• _About this exercise_
Write down exactly the lines of the records below, beginning with the first and ending with the line that includes "note vertex_pre = policed_affine_rep_preact_vertex[OF".

Dataset excerpts:
§ §

lemma policed_affine_rep_Suc:
  fixes \<sigma> :: "real \<Rightarrow> real"
  assumes neg: "\<exists>a0 a1. \<forall>x\<le>0. \<sigma> x = a1 * x + a0"
    and pos: "\<exists>a0 a1. \<forall>x\<ge>0. \<sigma> x = a1 * x + a0"
    and rep: "policed_affine_rep \<sigma> W b D P V l A d"
  shows "\<exists>A' d'. policed_affine_rep \<sigma> W b D P V (Suc l) A' d'"
proof -
  let ?R = "rows_hull (D 0) P V"
  define H where "H = preact W b D l (policedV \<sigma> W b D P V l)"
  define c where "c = shiftvec P H"
  define A' where "A' = (\<lambda>k i. \<Sum>j<D l. W l k j * A j i)"
  define d' where "d' = (\<lambda>k. (\<Sum>j<D l. W l k j * d j) + (b l k + c k))"
  note net_pre = policed_affine_rep_preact_hull[OF rep, where c = c, folded A'_def d'_def]
  note vertex_pre = policed_affine_rep_preact_vertex[OF rep, where c = c, folded H_def A'_def d'_def]
  obtain a1 a0 where
    vertex_act: "\<And>k p. p < P \<Longrightarrow> \<sigma> (H p k + c k) = a1 k * (H p k + c k) + a0 k"
    and cone_act: "\<And>k \<mu>. \<forall>p<P. 0 \<le> \<mu> p \<Longrightarrow> \<sigma> (\<Sum>p<P. \<mu> p * (H p k + c k))
              = a1 k * (\<Sum>p<P. \<mu> p * (H p k + c k)) + a0 k"
    by (rule affine_on_cones_of_one_signed[OF neg pos,
          where h = "\<lambda>k p. H p k + c k", OF shifted_column_one_signed[of P H, folded c_def]]) (rule that)
  have hull_act: "\<sigma> (affine_map (D 0) A' d' x k) = a1 k * affine_map (D 0) A' d' x k + a0 k"
    if x: "x \<in> ?R" for x k
  proof -
    obtain \<mu> where \<mu>: "\<forall>p<P. 0 \<le> \<mu> p" "(\<Sum>p<P. \<mu> p) = 1" "\<forall>j<D 0. x j = (\<Sum>p<P. \<mu> p * V p j)"
      using x unfolding rows_hull_def by blast
    have "affine_map (D 0) A' d' x k = (\<Sum>p<P. \<mu> p * affine_map (D 0) A' d' (V p) k)"
      by (rule affine_map_convex_comb[OF \<mu>(2,3)])
    also have "\<dots> = (\<Sum>p<P. \<mu> p * (H p k + c k))"
      using vertex_pre by (intro sum.cong) auto
    finally show ?thesis
      using cone_act[OF \<mu>(1)] by (simp only:)
  qed
  have "policed_affine_rep \<sigma> W b D P V (Suc l) (\<lambda>k i. a1 k * A' k i) (\<lambda>k. a1 k * d' k + a0 k)"
    unfolding policed_affine_rep_def affine_map_scale[symmetric]
  proof (intro conjI ballI allI impI)
    fix x k assume "x \<in> ?R"
    have "policed_net \<sigma> W b D P V (Suc l) x k = \<sigma> (affine_map (D 0) A' d' x k)"
      using net_pre[OF \<open>x \<in> ?R\<close>, of k] by (simp add: policedc_def H_def c_def add.assoc)
    then show "policed_net \<sigma> W b D P V (Suc l) x k = a1 k * affine_map (D 0) A' d' x k + a0 k"
      using hull_act[OF \<open>x \<in> ?R\<close>] by simp
  next
    fix p k assume "p < P"
    have "policedV \<sigma> W b D P V (Suc l) p k = \<sigma> (H p k + c k)"
      by (simp add: H_def c_def)
    then show "a1 k * affine_map (D 0) A' d' (V p) k + a0 k = policedV \<sigma> W b D P V (Suc l) p k"
      using vertex_act[OF \<open>p < P\<close>] vertex_pre[OF \<open>p < P\<close>] by simp
  qed
  then show ?thesis by blast
qed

§ §

• _Solution for this task_
lemma policed_affine_rep_Suc:
  fixes \<sigma> :: "real \<Rightarrow> real"
  assumes neg: "\<exists>a0 a1. \<forall>x\<le>0. \<sigma> x = a1 * x + a0"
    and pos: "\<exists>a0 a1. \<forall>x\<ge>0. \<sigma> x = a1 * x + a0"
    and rep: "policed_affine_rep \<sigma> W b D P V l A d"
  shows "\<exists>A' d'. policed_affine_rep \<sigma> W b D P V (Suc l) A' d'"
proof -
  let ?R = "rows_hull (D 0) P V"
  define H where "H = preact W b D l (policedV \<sigma> W b D P V l)"
  define c where "c = shiftvec P H"
  define A' where "A' = (\<lambda>k i. \<Sum>j<D l. W l k j * A j i)"
  define d' where "d' = (\<lambda>k. (\<Sum>j<D l. W l k j * d j) + (b l k + c k))"
  note net_pre = policed_affine_rep_preact_hull[OF rep, where c = c, folded A'_def d'_def]
  note vertex_pre = policed_affine_rep_preact_vertex[OF rep, where c = c, folded H_def A'_def d'_def]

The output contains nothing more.